(* Let $d=4k$ with $k>1$, $n=d/2$, $\omega=e^{2\pi i/d}$, and $F_d=(\omega^{jl})_{j,l=0}^{d-1}$ the Fourier matrix. For $\vec\alpha=(\alpha_1,\dots,\alpha_{n-1})\in\mathbb{R}^{n-1}$ define the real $d\times d$ matrix $R_1(\vec\alpha)$ by $R_1(\vec\alpha)_{j,l}=0$ if $j$ is even, $R_1(\vec\alpha)_{j,l}=0$ if $j$ is odd and $l\equiv0\pmod n$, and $R_1(\vec\alpha)_{j,l}=\alpha_{(l\bmod n)}$ otherwise (where $l\bmod n\in\{1,\dots,n-1\}$), and set $R_2(\vec\beta)=R_1(\vec\beta)^t$. Then for all $\vec\alpha,\vec\beta\in\mathbb{R}^{n-1}$ the matrices $F_d\circ\exp\big(i(R_1(\vec\alpha)+R_2(\vec\beta))\big)$ and $F_d\circ\exp\big(i(R_1(\vec\alpha)+R_2(\vec\beta))^t\big)$ are complex Hadamard matrices.
   Context: A $d\times d$ complex Hadamard matrix has unimodular entries and pairwise orthogonal columns. $\circ$ denotes the entrywise product and $\exp(iR)$ the entrywise exponential $(\exp(iR))_{jl}=e^{iR_{jl}}$; rows and columns are indexed $0,\dots,d-1$. *)

theory Defs
  imports Complex_Main
begin

text \<open>Square d x d complex matrices are represented as functions
  nat \<Rightarrow> nat \<Rightarrow> complex; only entries with indices 0..d-1 matter.\<close>

definition complex_hadamard :: "nat \<Rightarrow> (nat \<Rightarrow> nat \<Rightarrow> complex) \<Rightarrow> bool" where
  "complex_hadamard d H \<longleftrightarrow>
     (\<forall>j<d. \<forall>l<d. norm (H j l) = 1) \<and>
     (\<forall>l<d. \<forall>l'<d. l \<noteq> l' \<longrightarrow> (\<Sum>j<d. H j l * cnj (H j l')) = 0)"

definition fourier_matrix :: "nat \<Rightarrow> nat \<Rightarrow> nat \<Rightarrow> complex" where
  "fourier_matrix d j l = (exp (2 * pi * \<i> / of_nat d)) ^ (j * l)"

text \<open>R_1(alpha) for parameter n = d/2; alpha is indexed 1..n-1.\<close>
definition R1 :: "nat \<Rightarrow> (nat \<Rightarrow> real) \<Rightarrow> nat \<Rightarrow> nat \<Rightarrow> real" where
  "R1 n \<alpha> j l = (if even j then 0 else if l mod n = 0 then 0 else \<alpha> (l mod n))"

definition R2 :: "nat \<Rightarrow> (nat \<Rightarrow> real) \<Rightarrow> nat \<Rightarrow> nat \<Rightarrow> real" where
  "R2 n \<beta> j l = R1 n \<beta> l j"

end

theory Submission
  imports Defs "HOL-Analysis.Analysis"
begin

text \<open>Let w be a primitive d-th root of unity, d = 2n with n even, and let the phase of
  entry (j, l) be [j odd] a(l) + [l odd] b(j) with a, b n-periodic; both matrices of the
  theorem are of this form. The inner product of columns l \<noteq> l' is \<Sum>j r^j X(j) with
  r = w^(l - l') a d-th root of unity other than 1. If l and l' have different parity, then
  r^n = -1 while X is n-periodic, so the terms j and j + n cancel. If they have the same
  parity, X(j) depends only on the parity of j and the sum factors as
  (\<Sum>m<n. r^(2m)) (1 + r X(1)); the geometric sum vanishes unless r = -1, that is
  l' = l \<plusminus> n, and then X(1) = 1 by periodicity of a.\<close>

definition unit_root :: "nat \<Rightarrow> complex" where
  "unit_root d = exp (2 * pi * \<i> / of_nat d)"

lemma norm_unit_root [simp]: "norm (unit_root d) = 1"
  by (simp add: unit_root_def norm_exp_eq_Re)

lemma unit_root_power_eq_iff:
  assumes "d > 0"
  shows "unit_root d ^ a = unit_root d ^ b \<longleftrightarrow> a mod d = b mod d"
proof -
  have "unit_root d ^ m = exp (2 * of_real pi * \<i> * of_nat m / of_nat d)" for m
    by (simp add: unit_root_def mult_ac flip: exp_of_nat_mult)
  then show ?thesis
    using complex_root_unity_eq[of d a b] assms by simp
qed

lemma unit_root_power_self [simp]: "unit_root d ^ d = 1"
  using unit_root_power_eq_iff[of d d 0] by (cases "d = 0") auto

lemma unit_root_power_half:
  assumes "n > 0"
  shows "unit_root (2 * n) ^ n = -1"
proof -
  have "unit_root (2 * n) ^ n = exp (of_nat n * (2 * pi * \<i> / of_nat (2 * n)))"
    by (simp add: unit_root_def flip: exp_of_nat_mult)
  also have "of_nat n * (2 * pi * \<i> / of_nat (2 * n)) = pi * \<i>"
    using assms by (simp add: field_simps)
  finally show ?thesis by simp
qed

lemma fourier_matrix_unit_root: "fourier_matrix d j l = unit_root d ^ (j * l)"
  by (simp add: fourier_matrix_def unit_root_def)

lemma mult_cnj_eq_1_iff_norm: "z * cnj z = 1 \<longleftrightarrow> norm z = 1"
proof -
  have "z * cnj z = 1 \<longleftrightarrow> (norm z)\<^sup>2 = 1"
    by (metis complex_norm_square of_real_eq_1_iff)
  then show ?thesis
    using norm_ge_zero[of z] by (auto simp: power2_eq_1_iff)
qed

lemma exp_i_mult_cnj:
  "exp (\<i> * of_real x) * cnj (exp (\<i> * of_real y)) = exp (\<i> * of_real (x - y))"
  by (simp add: exp_cnj algebra_simps flip: exp_add)

lemma periodic_eq_mod:
  fixes f :: "nat \<Rightarrow> 'a"
  assumes "\<And>x. f (x + n) = f x"
  shows "f x = f (x mod n)"
proof -
  have "f (y + n * q) = f y" for y q
    by (induction q arbitrary: y) (simp_all add: assms add.assoc[symmetric])
  then show ?thesis
    by (metis mod_mult_div_eq)
qed

lemma sum_lessThan_double_halves:
  fixes f :: "nat \<Rightarrow> 'a::comm_monoid_add"
  shows "(\<Sum>j<2 * n. f j) = (\<Sum>j<n. f j + f (j + n))"
proof -
  have "(\<Sum>j<2 * n. f j) = (\<Sum>j<n. f j) + (\<Sum>j\<in>{0 + n..<n + n}. f j)"
    by (simp add: mult_2 sum.atLeastLessThan_concat flip: atLeast0LessThan)
  also have "(\<Sum>j\<in>{0 + n..<n + n}. f j) = (\<Sum>j<n. f (j + n))"
    by (simp only: sum.shift_bounds_nat_ivl atLeast0LessThan)
  finally show ?thesis
    by (simp only: sum.distrib)
qed

lemma sum_lessThan_double_pairs:
  fixes f :: "nat \<Rightarrow> 'a::comm_monoid_add"
  shows "(\<Sum>j<2 * n. f j) = (\<Sum>m<n. f (2 * m) + f (2 * m + 1))"
  by (induction n) (simp_all add: ac_simps)

lemma sum_power_mult_periodic_eq_0:
  fixes z :: "'a::comm_ring_1"
  assumes "z ^ n = -1" and "\<And>j. X (j + n) = X j"
  shows "(\<Sum>j<2 * n. z ^ j * X j) = 0"
  by (simp add: sum_lessThan_double_halves power_add assms)

lemma sum_power_mult_parity_eq_0:
  fixes z e :: "'a::field"
  assumes "z ^ (2 * n) = 1" and "z \<noteq> 1" and "z = -1 \<Longrightarrow> e = 1"
  shows "(\<Sum>j<2 * n. z ^ j * (if odd j then e else 1)) = 0"
proof -
  have "(\<Sum>j<2 * n. z ^ j * (if odd j then e else 1)) = (\<Sum>m<n. (z\<^sup>2) ^ m) * (1 + z * e)"
    by (simp add: sum_lessThan_double_pairs sum_distrib_left sum_distrib_right power_mult
        flip: sum.distrib) (simp add: algebra_simps)
  also have "\<dots> = 0"
  proof (cases "z\<^sup>2 = 1")
    case True
    then have "z = -1"
      using \<open>z \<noteq> 1\<close> by (simp add: power2_eq_1_iff)
    then show ?thesis using assms(3) by simp
  next
    case False
    then show ?thesis
      using assms(1) by (simp add: geometric_sum power_mult)
  qed
  finally show ?thesis .
qed

lemma complex_hadamard_fourier_parity_phases:
  fixes a b :: "nat \<Rightarrow> real"
  assumes "n > 0" and "even n" and a_periodic: "\<And>x. a (x + n) = a x"
    and b_periodic: "\<And>x. b (x + n) = b x"
  shows "complex_hadamard (2 * n) (\<lambda>j l. fourier_matrix (2 * n) j l *
           exp (\<i> * of_real ((if odd j then a l else 0) + (if odd l then b j else 0))))"
proof -
  define w where "w = unit_root (2 * n)"
  define \<phi> where "\<phi> j l = (if odd j then a l else 0) + (if odd l then b j else 0)" for j l
  have w_unit: "w ^ m * cnj (w ^ m) = 1" for m
    by (subst mult_cnj_eq_1_iff_norm) (simp add: norm_power w_def)
  have orth: "(\<Sum>j<2 * n. w ^ (j * l) * exp (\<i> * of_real (\<phi> j l)) *
                 cnj (w ^ (j * l') * exp (\<i> * of_real (\<phi> j l')))) = 0"
    if "l < 2 * n" and "l' < 2 * n" and "l \<noteq> l'" for l l'
  proof -
    define r where "r = w ^ l * cnj (w ^ l')"
    define X where "X j = exp (\<i> * of_real (\<phi> j l)) * cnj (exp (\<i> * of_real (\<phi> j l')))" for j
    have X_eq: "X j = exp (\<i> * of_real (\<phi> j l - \<phi> j l'))" for j
      by (simp only: X_def exp_i_mult_cnj)
    have summand: "w ^ (j * l) * exp (\<i> * of_real (\<phi> j l)) *
        cnj (w ^ (j * l') * exp (\<i> * of_real (\<phi> j l'))) = r ^ j * X j" for j
      by (simp add: r_def X_def power_mult_distrib mult_ac flip: power_mult)
    have r_power: "r ^ m = (w ^ m) ^ l * cnj ((w ^ m) ^ l')" for m
      by (simp add: r_def power_mult_distrib mult.commute flip: power_mult)
    have r_root: "r ^ (2 * n) = 1"
      by (simp add: r_power w_def)
    have r_shift: "r * w ^ l' = w ^ l"
      using w_unit[of l'] by (simp add: r_def mult_ac)
    have "(\<Sum>j<2 * n. r ^ j * X j) = 0"
    proof (cases "odd l = odd l'")
      case True
      have "r \<noteq> 1"
      proof
        assume "r = 1"
        then have "l mod (2 * n) = l' mod (2 * n)"
          using r_shift \<open>n > 0\<close> by (simp add: w_def unit_root_power_eq_iff)
        with that show False by simp
      qed
      moreover have "exp (\<i> * of_real (a l - a l')) = 1" if "r = -1"
      proof -
        have "w ^ l = w ^ (n + l')"
          using r_shift \<open>n > 0\<close> by (simp add: \<open>r = -1\<close> power_add w_def unit_root_power_half)
        then have "l mod (2 * n) = (n + l') mod (2 * n)"
          using \<open>n > 0\<close> by (simp add: w_def unit_root_power_eq_iff)
        then have "l mod n = l' mod n"
          by (metis mod_add_self1 mod_mod_cancel dvd_triv_right mult.commute)
        then have "a l = a l'"
          using periodic_eq_mod[of a n, OF a_periodic] by metis
        then show ?thesis by simp
      qed
      moreover have "X j = (if odd j then exp (\<i> * of_real (a l - a l')) else 1)" for j
        using True by (simp add: X_eq \<phi>_def)
      ultimately show ?thesis
        using sum_power_mult_parity_eq_0[OF r_root] by simp
    next
      case False
      have "r ^ n = -1"
        using False \<open>n > 0\<close> by (simp add: r_power w_def unit_root_power_half minus_one_power_iff)
      moreover have "X (j + n) = X j" for j
        using \<open>even n\<close> by (simp add: X_eq \<phi>_def b_periodic)
      ultimately show ?thesis
        by (rule sum_power_mult_periodic_eq_0)
    qed
    then show ?thesis
      by (simp only: summand)
  qed
  show ?thesis
    unfolding complex_hadamard_def fourier_matrix_unit_root
    using orth by (simp add: norm_mult norm_power norm_exp_eq_Re w_def \<phi>_def)
qed

lemma R1_periodic: "R1 n \<alpha> j (l + n) = R1 n \<alpha> j l"
  by (simp add: R1_def)

lemma R1_add_transpose_parity:
  "R1 n \<gamma> j l + R1 n \<delta> l j =
     (if odd j then R1 n \<gamma> 1 l else 0) + (if odd l then R1 n \<delta> 1 j else 0)"
  by (simp add: R1_def)

theorem mainTheorem11:
  fixes k :: nat and \<alpha> \<beta> :: "nat \<Rightarrow> real"
  assumes "k > 1"
  shows "complex_hadamard (4 * k)
           (\<lambda>j l. fourier_matrix (4 * k) j l *
                  exp (\<i> * of_real (R1 (2 * k) \<alpha> j l + R2 (2 * k) \<beta> j l)))
       \<and> complex_hadamard (4 * k)
           (\<lambda>j l. fourier_matrix (4 * k) j l *
                  exp (\<i> * of_real (R1 (2 * k) \<alpha> l j + R2 (2 * k) \<beta> l j)))"
proof -
  have hadamard: "complex_hadamard (2 * (2 * k))
      (\<lambda>j l. fourier_matrix (2 * (2 * k)) j l *
             exp (\<i> * of_real (R1 (2 * k) \<gamma> j l + R1 (2 * k) \<delta> l j)))" for \<gamma> \<delta>
    unfolding R1_add_transpose_parity
    using assms by (intro complex_hadamard_fourier_parity_phases) (simp_all add: R1_periodic)
  show ?thesis
    using hadamard[of \<alpha> \<beta>] hadamard[of \<beta> \<alpha>] by (simp add: R2_def add.commute)
qed

end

## [WHAT YOU HAVE TO DO]
State how many lines in the material include the string "only". Nothing other than the number is wanted.

## [RESULT BELOW]
6